56th Kentucky Derby
- Location: Churchill Downs
- Date: May 17, 1930
- Winning horse: Gallant Fox
- Jockey: Earl Sande
- Trainer: James E. Fitzsimmons
- Owner: Belair Stud
- Surface: Dirt

= 1930 Kentucky Derby =

Horse race

The 1930 Kentucky Derby was the 56th running of the Kentucky Derby.

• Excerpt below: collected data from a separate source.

lemma exp_potential_sublevel_bounded:
  fixes A :: "'r \<Rightarrow> nat \<Rightarrow> real"
  assumes fR: "finite R" and fC: "finite C"
    and inj: "\<forall>y. (\<forall>r\<in>R. (\<Sum>j\<in>C. A r j * y j) = 0) \<longrightarrow> (\<forall>j\<in>C. y j = 0)"
    and a: "\<forall>r\<in>R. a r > 0" and X: "\<forall>r\<in>R. X r > 0"
  shows "\<exists>\<rho>>0. \<forall>x. exp_potential R C A a X x \<le> (\<Sum>r\<in>R. a r) \<longrightarrow> (\<forall>j\<in>C. \<bar>x j\<bar> < \<rho>)"
proof -
  obtain \<epsilon> where \<epsilon>: "\<epsilon> > 0" "\<forall>y. \<epsilon> * (\<Sum>j\<in>C. (y j)\<^sup>2) \<le> (\<Sum>r\<in>R. (\<Sum>j\<in>C. A r j * y j)\<^sup>2)"
    using injective_linear_map_bounded_below[OF fR fC inj] by blast
  define u where "u r x = (\<Sum>j\<in>C. A r j * x j)" for r x
  define K where "K = (\<Sum>r\<in>R. a r) + (\<Sum>r\<in>R. 2 * X r * \<bar>ln (2 * X r / a r)\<bar>)"
  define Q where "Q = (\<Sum>r\<in>R. (K / X r)\<^sup>2)"
  have bound: "\<bar>x j\<bar> < sqrt (Q / \<epsilon>) + 1"
    if x: "exp_potential R C A a X x \<le> (\<Sum>r\<in>R. a r)" and j: "j \<in> C" for x j
  proof -
    have "(u r x)\<^sup>2 \<le> (K / X r)\<^sup>2" if r: "r \<in> R" for r
    proof -
      have "\<bar>u r x\<bar> \<le> K / X r"
        using exp_potential_sublevel_row_bound[OF fR a X x r] X r
        by (simp add: K_def u_def field_simps)
      then show ?thesis
        by (metis abs_ge_zero order_trans power2_abs power_mono)
    qed
    then have "\<epsilon> * (\<Sum>j\<in>C. (x j)\<^sup>2) \<le> Q"
      using \<epsilon>(2)[rule_format, of x] sum_mono[of R "\<lambda>r. (u r x)\<^sup>2" "\<lambda>r. (K / X r)\<^sup>2"]
      unfolding Q_def u_def by auto
    moreover have "(x j)\<^sup>2 \<le> (\<Sum>j\<in>C. (x j)\<^sup>2)"
      using member_le_sum[of j C "\<lambda>j. (x j)\<^sup>2"] j fC by auto
    ultimately have "\<epsilon> * (x j)\<^sup>2 \<le> Q"
      using \<epsilon>(1) by (meson less_imp_le mult_left_mono order_trans)
    then have "(x j)\<^sup>2 \<le> Q / \<epsilon>"
      using \<epsilon>(1) by (simp add: field_simps)
    then have "sqrt ((x j)\<^sup>2) \<le> sqrt (Q / \<epsilon>)"
      by (rule real_sqrt_le_mono)
    then show ?thesis
      by simp
  qed
  have "Q \<ge> 0"
    unfolding Q_def by (simp add: sum_nonneg)
  then have "sqrt (Q / \<epsilon>) + 1 > 0"
    using \<epsilon>(1) by (simp add: add_nonneg_pos)
  with bound show ?thesis
    by (intro exI[of _ "sqrt (Q / \<epsilon>) + 1"]) simp
qed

The race took place on May 17, 1930. Horse Busy scratched before the race.

==Full results==

| Finished | Post | Horse | Jockey | Trainer | Owner | Time / behind |
|---|---|---|---|---|---|---|
| 1st | 7 | Gallant Fox | Earl Sande | James E. Fitzsimmons | Belair Stud | 2:07.60 |
| 2nd | 8 | Gallant Knight | Herman Schutte | Kay Spence | Audley Farm Stable | 2 |
| 3rd | 3 | Ned O. | J. D. Mooney | George W. Foreman | George W. Foreman | 2 |
| 4th | 10 | Gone Away | Mack Garner | William J. Speirs | William Ziegler Jr. | 1 |
| 5th | 6 | Crack Brigade | George Ellis | Julius Bauer | T. M. Cassidy | 4 |
| 6th | 1 | Longus | R. O'Brien | Walter H. Hoffman Jr. | R.C. Stable (Walter H. Hoffman Jr.) | 1⁄2 |
| 7th | 2 | Uncle Luther | Robert Creese | Robert L. Stivers | Luther Stivers | 2 |
| 8th | 12 | Tannery | William Garner | Auval John Baker | E. F. Prichard | 2 |
| 9th | 14 | Broadway Limited | Pete Walls | William T. Waggoner | Three D's Stock Farm | Head |
| 10th | 4 | Alcibiades | Leo Jones | Walter W. Taylor | Hal Price Headley | 1+1⁄2 |
| 11th | 9 | Kilkerry | Thomas May | William T. Waggoner | Three D's Stock Farm | Head |
| 12th | 13 | Breezing Thru | Joseph Smith | Herbert J. Thompson | Edward R. Bradley | 6 |
| 13th | 15 | Buckeye Poet | Eddie Legere | Herbert J. Thompson | Edward R. Bradley | 5 |
| 14th | 5 | High Foot | Carl Meyer | John B. Partridge | Valley Lake Stable | 1 |
| 15th | 11 | Dick O' Hara | Newton Barrett | Burton B. Williams | P. H. Joyce | 8 |

- Winning Breeder: Belair Stud; (MD)

==Payout==

| Post | Horse | Win | Place | Show |
|---|---|---|---|---|
| 7 | Gallant Fox | $ 4.38 | 3.76 | 3.42 |
| 8 | Gallant Knight |  | 14.60 | 8.78 |
| 3 | Ned O. |  |  | 10.14 |

- The winner received a purse of $50,725 and a $5000 Gold Cup.
- Second place received $6,000.
- Third place received $3,000.
- Fourth place received $1,000.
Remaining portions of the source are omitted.